Ukrainian border fortification

The Russia–Ukraine barrier, also known as the Ukrainian Wall or the European Wall (Європейський вал), and officially called "Project Wall" (Проєкт «Стіна») in Ukraine, is a fortified border barrier built on the Ukrainian side of the Russia–Ukraine border. Early construction began following the outbreak of the Russo-Ukrainian War in 2014, as the Ukrainian government sought to prevent any further incursions by Russia into Ukrainian territory following the Russian annexation of Crimea and the Russian-backed separatist uprising in the Donbas. It was also aimed at helping Ukraine's position with obtaining visa-free travel to the European Union (see Ukraine–European Union relations). Former Ukrainian prime minister Arseniy Yatsenyuk presented this project on 3 September 2014, and it started officially in 2015. In June 2020, Ukraine's State Border Guard Service expected that the project would be finished by 2025. However, in a message to Focus in January 2022, they stated that the project had been completed at a cost of .

On 24 February 2022, all remaining construction on the barrier was suspended due to the Russian invasion of Ukraine.

==History==

Following the 2014 Russian military intervention in Ukraine, in June 2014, Ukrainian politician and business magnate Ihor Kolomoyskyi suggested that Ukraine should build a wall along the border with Russia. On 3 September 2014, Ukrainian Prime Minister Arseniy Yatsenyuk announced Ukraine would strengthen its border with Russia and called this "Project Wall". The command of Ukraine's anti-terrorist forces stated that "Two defense lines have been planned, and their main goal is to prevent the infiltration by the adversary into the territory of Ukraine". According to Yatsenyuk, the project was needed "to cut off Russian support for insurgents in eastern regions" and also to obtain a visa-free regime with the European Union for Ukraine. It is also an employment project. Project "Wall" was officially started on 10 September 2014.

On September 12, 2014, the Cabinet of Ministers of Ukraine allocated 100 million hryvnia for the construction of fortifications on the border with Russia and on the border with Crimea.
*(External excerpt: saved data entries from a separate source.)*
text \<open>The operator with coefficients \<open>R\<close> kills \<open>g\<^sub>0, \<dots>, g\<^sub>n\<^sub>-\<^sub>1\<close> and has order \<open>< n\<close>, so it
  vanishes wherever their Wronskian \<open>\<tau>\<close> does not.\<close>

lemma R_eq_0_lower:
  assumes "\<tau> x \<noteq> 0" and "t < n"
  shows "R t x = 0"
proof (rule wronskian_nonzero_vec_mult_eq_0[of n g x])
  show "wronskian n g x \<noteq> 0"
    using assms(1) A_last by simp
  show "(\<Sum>t<n. R t x * (deriv ^^ t) (g j) x) = 0" if "j < n" for j
  proof -
    have K_g: "K (g j) = (\<lambda>_. 0)"
      using K_kills_g[OF that] by (simp add: K_def fun_eq_iff)
    have "(\<Sum>t<n. R t x * (deriv ^^ t) (g j) x) = (\<Sum>t\<le>degree P. R t x * (deriv ^^ t) (g j) x)"
      using degree_P by (intro sum.mono_neutral_left) (auto simp: R_eq_0_upper)
    also have "\<dots> = 0"
      using P_kills_g[OF that] polyexp_holomorphic[OF polyexp_g[OF that]]
      by (simp add: sum_R_higher_deriv K_g)
    finally show ?thesis .
  qed
qed (rule assms(2))

lemma scaled_P_eq_sum_q:
  assumes "f holomorphic_on UNIV" and "\<tau> x \<noteq> 0"
  shows "\<tau> x ^ Suc M * poly_deriv_op P f x = (\<Sum>k<Suc M. q k x * (deriv ^^ k) (K f) x)"
proof -
  have "R t x = 0" if "t \<le> degree P" for t
    using R_eq_0_lower[OF assms(2)] R_eq_0_upper that by (cases "t < n") auto
  then show ?thesis
    using sum_R_higher_deriv[OF assms(1), of x] by simp
qed


text \<open>With \<open>\<pi> = \<tau>\<^sup>2\<^sup>M\<^sup>+\<^sup>1\<close>, every derivative \<open>\<partial>\<^sup>i \<pi>\<close> with \<open>i \<le> M\<close> is divisible by \<open>\<tau>\<^sup>M\<^sup>+\<^sup>1\<close>, so
  \<open>\<partial>\<^sup>k (\<pi> v)\<close> is \<open>\<tau>\<^sup>M\<^sup>+\<^sup>1\<close> times an operator in \<open>v\<close> with polynomial-exponential coefficients.\<close>

definition \<pi> :: "complex \<Rightarrow> complex" where
  "\<pi> x = \<tau> x ^ (Suc M + M)"

definition h :: "nat \<Rightarrow> complex \<Rightarrow> complex" where
  "h i = (SOME h. polyexp h \<and> (\<forall>x. (deriv ^^ i) \<pi> x = \<tau> x ^ (Suc M + M - i) * h x))"

lemma polyexp_\<pi>: "polyexp \<pi>"
  unfolding \<pi>_def[abs_def] by (intro polyexp_power polyexp_A) simp

lemma h_spec:
  assumes "i \<le> Suc M + M"
  shows "polyexp (h i)" and "(deriv ^^ i) \<pi> x = \<tau> x ^ (Suc M + M - i) * h i x"
proof -
  have "\<exists>h. polyexp h \<and> (\<forall>x. (deriv ^^ i) \<pi> x = \<tau> x ^ (Suc M + M - i) * h x)"
    unfolding \<pi>_def[abs_def] using assms by (intro higher_deriv_power_polyexp polyexp_A) simp_all
  from someI_ex[OF this] show "polyexp (h i)" "(deriv ^^ i) \<pi> x = \<tau> x ^ (Suc M + M - i) * h i x"
    unfolding h_def by blast+
qed

lemma higher_deriv_K_eq:
  assumes f: "f holomorphic_on UNIV" and x: "\<tau> x \<noteq> 0" and "k \<le> M"
  shows "(deriv ^^ k) (K f) x = \<tau> x ^ Suc M *
    (\<Sum>i=0..k. of_nat (k choose i) * \<tau> x ^ (M - i) * h i x * (deriv ^^ (k - i)) (\<lambda>y. K f y / \<pi> y) x)"
proof -
  define U where "U = {y. \<tau> y \<noteq> 0}"
  have "open U"
    unfolding U_def using holomorphic_A[of n UNIV]
    by (intro open_Collect_neq continuous_on_const) (auto intro: holomorphic_on_imp_continuous_on)
  have "x \<in> U"
    using x by (simp add: U_def)
  have \<pi>_U: "\<pi> y \<noteq> 0" if "y \<in> U" for y
    using that by (simp add: U_def \<pi>_def)
  define v where "v = (\<lambda>y. K f y / \<pi> y)"
  have holo_\<pi>: "\<pi> holomorphic_on U"
    using polyexp_holomorphic[OF polyexp_\<pi>] .
  have holo_v: "v holomorphic_on U"
    unfolding v_def using \<pi>_U holomorphic_K[OF f]
    by (intro holomorphic_on_divide holo_\<pi>) (auto intro: holomorphic_on_subset)
  have "eventually (\<lambda>y. K f y = \<pi> y * v y) (nhds x)"
    using eventually_nhds_in_open[OF \<open>open U\<close> \<open>x \<in> U\<close>]
    by eventually_elim (simp add: v_def \<pi>_U)
  then have "(deriv ^^ k) (K f) x = (deriv ^^ k) (\<lambda>y. \<pi> y * v y) x"
    by (rule higher_deriv_cong_ev) simp
  also have "\<dots> = (\<Sum>i=0..k. of_nat (k choose i) * (deriv ^^ i) \<pi> x * (deriv ^^ (k - i)) v x)"
    by (rule higher_deriv_mult[OF holo_\<pi> holo_v \<open>open U\<close> \<open>x \<in> U\<close>])
  also have "\<dots> = (\<Sum>i=0..k. of_nat (k choose i) * (\<tau> x ^ Suc M * (\<tau> x ^ (M - i) * h i x)) *
      (deriv ^^ (k - i)) v x)"
  proof (intro sum.cong refl)
    fix i assume "i \<in> {0..k}"
    then have "i \<le> M"
      using \<open>k \<le> M\<close> by simp
    then have "Suc M + M - i = Suc M + (M - i)"
      by simp
    then have "\<tau> x ^ (Suc M + M - i) = \<tau> x ^ Suc M * \<tau> x ^ (M - i)"
      by (simp only: power_add)
    then show "of_nat (k choose i) * (deriv ^^ i) \<pi> x * (deriv ^^ (k - i)) v x =
        of_nat (k choose i) * (\<tau> x ^ Suc M * (\<tau> x ^ (M - i) * h i x)) * (deriv ^^ (k - i)) v x"
      using h_spec(2)[of i x] \<open>i \<le> M\<close> by (simp only: mult.assoc)
  qed
  finally show ?thesis
    by (simp add: v_def sum_distrib_left algebra_simps)
qed

definition Q :: "nat \<Rightarrow> complex \<Rightarrow> complex" where
  "Q j x = (\<Sum>k<Suc M. \<Sum>i=0..k.
     if k - i = j then q k x * of_nat (k choose i) * \<tau> x ^ (M - i) * h i x else 0)"

lemma polyexp_Q: "polyexp (Q j)"
  unfolding Q_def[abs_def]
  by (intro polyexp_sum polyexp_if polyexp_mult polyexp_power polyexp_const polyexp_q polyexp_A h_spec(1))
    auto

lemma factorization:
  assumes "f holomorphic_on UNIV" and "\<pi> x \<noteq> 0"
  shows "poly_deriv_op P f x = (\<Sum>j<Suc M. Q j x * (deriv ^^ j) (\<lambda>y. K f y / \<pi> y) x)"
proof -
  have x: "\<tau> x \<noteq> 0"
    using assms(2) by (simp add: \<pi>_def)
  have "\<tau> x ^ Suc M * poly_deriv_op P f x = (\<Sum>k<Suc M. q k x * (deriv ^^ k) (K f) x)"
    by (rule scaled_P_eq_sum_q[OF assms(1) x])
  also have "\<dots> = \<tau> x ^ Suc M * (\<Sum>k<Suc M. \<Sum>i=0..k.
      (q k x * of_nat (k choose i) * \<tau> x ^ (M - i) * h i x) * (deriv ^^ (k - i)) (\<lambda>y. K f y / \<pi> y) x)"
    unfolding sum_distrib_left
    by (intro sum.cong refl) (simp add: higher_deriv_K_eq[OF assms(1) x] sum_distrib_left algebra_simps)
  also have "\<dots> = \<tau> x ^ Suc M * (\<Sum>j<Suc M. Q j x * (deriv ^^ j) (\<lambda>y. K f y / \<pi> y) x)"
    unfolding Q_def by (subst sum_triangle_regroup) (rule refl)
  finally show ?thesis
    using x by simp
qed


lemma operator_factorization:
  assumes "\<tau> x\<^sub>0 \<noteq> 0"
  shows "\<exists>Qs \<pi>. polyexp \<pi> \<and> \<pi> \<noteq> (\<lambda>_. 0) \<and> (\<forall>i<length Qs. polyexp (Qs ! i)) \<and>
    (\<forall>f. f holomorphic_on UNIV \<longrightarrow>
      (\<forall>x. \<pi> x \<noteq> 0 \<longrightarrow> poly_deriv_op P f x = apply_op Qs (\<lambda>y. K f y / \<pi> y) x))"
proof (intro exI[of _ "map Q [0..<Suc M]"] exI[of _ \<pi>] conjI allI impI)
  show "\<pi> \<noteq> (\<lambda>_. 0)"
  proof
    assume "\<pi> = (\<lambda>_. 0)"
    then have "\<pi> x\<^sub>0 = 0"
      by simp
    with assms show False
      by (simp add: \<pi>_def)
  qed
  show "polyexp (map Q [0..<Suc M] ! i)" if "i < length (map Q [0..<Suc M])" for i
    using polyexp_Q that by (simp del: upt_Suc)
  show "poly_deriv_op P f x = apply_op (map Q [0..<Suc M]) (\<lambda>y. K f y / \<pi> y) x"
    if "f holomorphic_on UNIV" "\<pi> x \<noteq> 0" for f x
    using factorization[OF that] by (simp add: apply_op_map_upt del: upt_Suc)
qed (rule polyexp_\<pi>)

end

lemma common_kernel_wronskian_coeff:
  assumes "\<And>j. j < n \<Longrightarrow> polyexp (g j)"
    and "\<And>j. j < n \<Longrightarrow> poly_deriv_op P (g j) = (\<lambda>_. 0)" and "n \<le> degree P"
  shows "common_kernel n g (wronskian_coeff n g) P"
proof
  show "(\<Sum>i<Suc n. wronskian_coeff n g i x * (deriv ^^ i) (g j) x) = 0" if "j < n" for j x
    using wronskian_append_expansion[of n g "g j" x] wronskian_append_eq_0[OF that, of g x] by simp
qed (use assms in \<open>auto simp: polyexp_wronskian_coeff wronskian_coeff_last fun_eq_iff\<close>)

lemma polyexp_dist_exp: "is_dist c \<Longrightarrow> polyexp (dist_exp c)"
  unfolding is_dist_def using dist_exp_eq_exp_sum[of "{p. c p \<noteq> 0}" c] polyexp_exp_sum by simp

lemma exists_poly_deriv_op_annihilating_dist_exps:
  fixes c :: "nat \<Rightarrow> complex \<times> nat \<Rightarrow> complex"
  assumes "\<And>i. i < n \<Longrightarrow> is_dist (c i)"
  shows "\<exists>P. P \<noteq> 0 \<and> n \<le> degree P \<and> (\<forall>i<n. poly_deriv_op P (dist_exp (c i)) = (\<lambda>_. 0))"
proof -
  define S where "S = (\<Union>i<n. {p. c i p \<noteq> 0})"
  have S: "finite S"
    using assms unfolding S_def is_dist_def by (intro finite_UN_I) simp_all
  define R where "R = Max (snd ` S)"
  have R: "snd p \<le> R" if "p \<in> S" for p
    using S that by (simp add: R_def)
  obtain P where P: "P \<noteq> 0" "n \<le> degree P"
    and kills: "\<And>q. \<forall>l\<in>fst ` S. degree (q l) \<le> R \<Longrightarrow> poly_deriv_op P (exp_sum (fst ` S) q) = (\<lambda>_. 0)"
    using exists_poly_deriv_op_annihilating_exp_sums[of "fst ` S" n R] S by blast
  have "poly_deriv_op P (dist_exp (c i)) = (\<lambda>_. 0)" if "i < n" for i
  proof -
    have "dist_exp (c i) = exp_sum (fst ` S) (exp_coeff S (c i))"
      using S that by (intro dist_exp_eq_exp_sum) (auto simp: S_def)
    then show ?thesis
      using kills degree_exp_coeff_le[OF S R] by simp
  qed
  then show ?thesis
    using P by blast
qed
On 18 March 2015, the Ukrainian government allocated 865 million hryvnia to build fortifications on the border between Ukraine and Russia. On 10 April 2015, Poland allocated a loan of $100 million for the modernization of the energy sector and improvement of external borders of Ukraine.
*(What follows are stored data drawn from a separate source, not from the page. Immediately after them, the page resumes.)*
text \<open>A qubit position is a pair (column, index within column).
  Column c belongs to bus c div 2. Bus size s = |B|, so each column has s div 2 positions.\<close>

type_synonym pos = "nat \<times> nat"

definition positions :: "nat \<Rightarrow> nat \<Rightarrow> pos set" where
  "positions B s = {(c, k). c < 2 * B \<and> k < s div 2}"

definition bus_of :: "pos \<Rightarrow> nat" where
  "bus_of p = fst p div 2"

definition S0 :: "nat \<Rightarrow> pos \<Rightarrow> pos" where
  "S0 B p = (case p of (c, k) \<Rightarrow>
     if (\<exists>i. i + 2 \<le> B \<and> c = 2 * i + 1) then (c + 1, k)
     else if (\<exists>i. i + 2 \<le> B \<and> c = 2 * i + 2) then (c - 1, k)
     else (c, k))"

definition S1 :: "nat \<Rightarrow> pos \<Rightarrow> pos" where
  "S1 B p = (case p of (c, k) \<Rightarrow>
     if (\<exists>i. i + 2 \<le> B \<and> c = 2 * i) then (c + 1, k)
     else if (\<exists>i. i + 2 \<le> B \<and> c = 2 * i + 1) then (c - 1, k)
     else (c, k))"

definition layer :: "nat \<Rightarrow> nat \<Rightarrow> pos \<Rightarrow> pos" where
  "layer B t = (if even t then S0 B else S1 B)"

text \<open>placement B t p = the logical qubit at position p after the first t layers.
  Logical qubits are labelled by their initial position.\<close>
fun placement :: "nat \<Rightarrow> nat \<Rightarrow> pos \<Rightarrow> pos" where
  "placement B 0 = id"
| "placement B (Suc t) = placement B t \<circ> layer B t"

definition share_bus_at :: "nat \<Rightarrow> nat \<Rightarrow> nat \<Rightarrow> pos \<Rightarrow> pos \<Rightarrow> bool" where
  "share_bus_at B s t q1 q2 =
     (\<exists>p1\<in>positions B s. \<exists>p2\<in>positions B s.
        placement B t p1 = q1 \<and> placement B t p2 = q2 \<and> bus_of p1 = bus_of p2)"

definition full_connectivity :: "nat \<Rightarrow> nat \<Rightarrow> nat \<Rightarrow> bool" where
  "full_connectivity B s L =
     (\<forall>q1\<in>positions B s. \<forall>q2\<in>positions B s. q1 \<noteq> q2 \<longrightarrow>
        (\<exists>t\<le>L. share_bus_at B s t q1 q2))"

end

theory Submission
  imports Defs
begin

text \<open>Columns \<open>0, \<dots>, 2B-2\<close> form one closed track of length \<open>4B-2\<close>: every layer moves each
  qubit on them one step along the track, while column \<open>2B-1\<close> is never touched. Two qubits on
  the track therefore keep their distance along it, and they share a bus whenever they occupy
  mirror-image track positions; a suitable mirror pair is reached by any two of them within
  \<open>4B-5\<close> layers, and every track qubit visits the last bus within that time. Conversely the
  qubit starting in column \<open>2B-4\<close> first reaches the last bus, and so meets the qubits of
  column \<open>2B-1\<close>, after exactly \<open>4B-5\<close> layers.\<close>

lemma S0_eq:
  "S0 B (c, k) = ((if odd c \<and> c + 3 \<le> 2*B then c + 1
                  else if even c \<and> 2 \<le> c \<and> c + 2 \<le> 2*B then c - 1 else c), k)"
  unfolding S0_def by (auto; presburger)

lemma S1_eq:
  "S1 B (c, k) = ((if even c \<and> c + 4 \<le> 2*B then c + 1
                  else if odd c \<and> c + 3 \<le> 2*B then c - 1 else c), k)"
  unfolding S1_def by (auto; presburger)

lemma layer_layer [simp]: "layer B t (layer B t p) = p"
  by (cases p) (auto simp: layer_def S0_eq S1_eq; presburger)

lemma inj_placement: "inj (placement B t)"
proof (induction t)
  case (Suc t)
  have "inj (layer B t)"
    by (metis injI layer_layer)
  with Suc show ?case
    using inj_compose by (metis placement.simps(2))
qed simp

text \<open>Track position \<open>v < 2B-1\<close> is column \<open>v\<close> traversed rightwards, and \<open>v \<ge> 2B-1\<close> is
  column \<open>4B-3-v\<close> traversed leftwards. \<open>column_at B c t\<close> is the column holding, after \<open>t\<close>
  layers, the qubits that started in column \<open>c\<close>.\<close>

definition track_col :: "nat \<Rightarrow> nat \<Rightarrow> nat" where
  "track_col B v = (if v < 2*B - 1 then v else 4*B - 3 - v)"

definition track_start :: "nat \<Rightarrow> nat \<Rightarrow> nat" where
  "track_start B c = (if odd c then c else 4*B - 3 - c)"

definition column_at :: "nat \<Rightarrow> nat \<Rightarrow> nat \<Rightarrow> nat" where
  "column_at B c t =
     (if c < 2*B - 1 then track_col B ((track_start B c + t) mod (4*B - 2)) else c)"

lemma layer_track_col:
  assumes "B \<ge> 1" "v < 4*B - 2" "odd (v + t)"
  shows "layer B t (track_col B v, k) = (track_col B (Suc v mod (4*B - 2)), k)"
proof -
  have "Suc v mod (4*B - 2) = (if Suc v = 4*B - 2 then 0 else Suc v)"
    using assms(2) by auto
  then show ?thesis
    using assms unfolding layer_def track_col_def
    by (cases "even t") (auto simp: S0_eq S1_eq; presburger)+
qed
As of May 2015, a walled defense system was under construction along the Russian border in Kharkiv Oblast. The project was planned to be finished in 2018.

On 20 August 2015, it was announced that Ukraine has completed 10% of the fortification line, stating that roughly 180 km of anti-tank ditches had been dug, 40 km of barbed wire fence and 500 fortification obstacles had been erected. 139 million hryvnia out of 300 million allocated has been used for construction of the wall at this point, and that another 460 million hryvnia were budgeted for 2016.

In August 2017, it became public that large amounts of the money intended to pay for the Wall project were misused and even stolen. The National Anti-Corruption Bureau (NABU) announced the arrest of several individuals involved in the building of the fortified border.

On 5 June 2020, the State Border Guard Service of Ukraine stated that the Wall project was 40% implemented as of the end of May 2020. Since 2015, $63.6 million has been spent on the project which the Border Guard Service expected to be finished by 2025.

Head of the State Border Guard Service of Ukraine Serhii Deineko stated on 5 May 2021 that Ukraine had built 400 km of anti-tank trench, 100 km of fence and 70 km of barbed wire as part of "Project Wall". According to him, border guards were completing work on the border in Kharkiv Oblast, part of the work was performed in Chernihiv Oblast, one site was completed in Luhansk Oblast, and in Sumy Oblast so far only design and survey works were underway.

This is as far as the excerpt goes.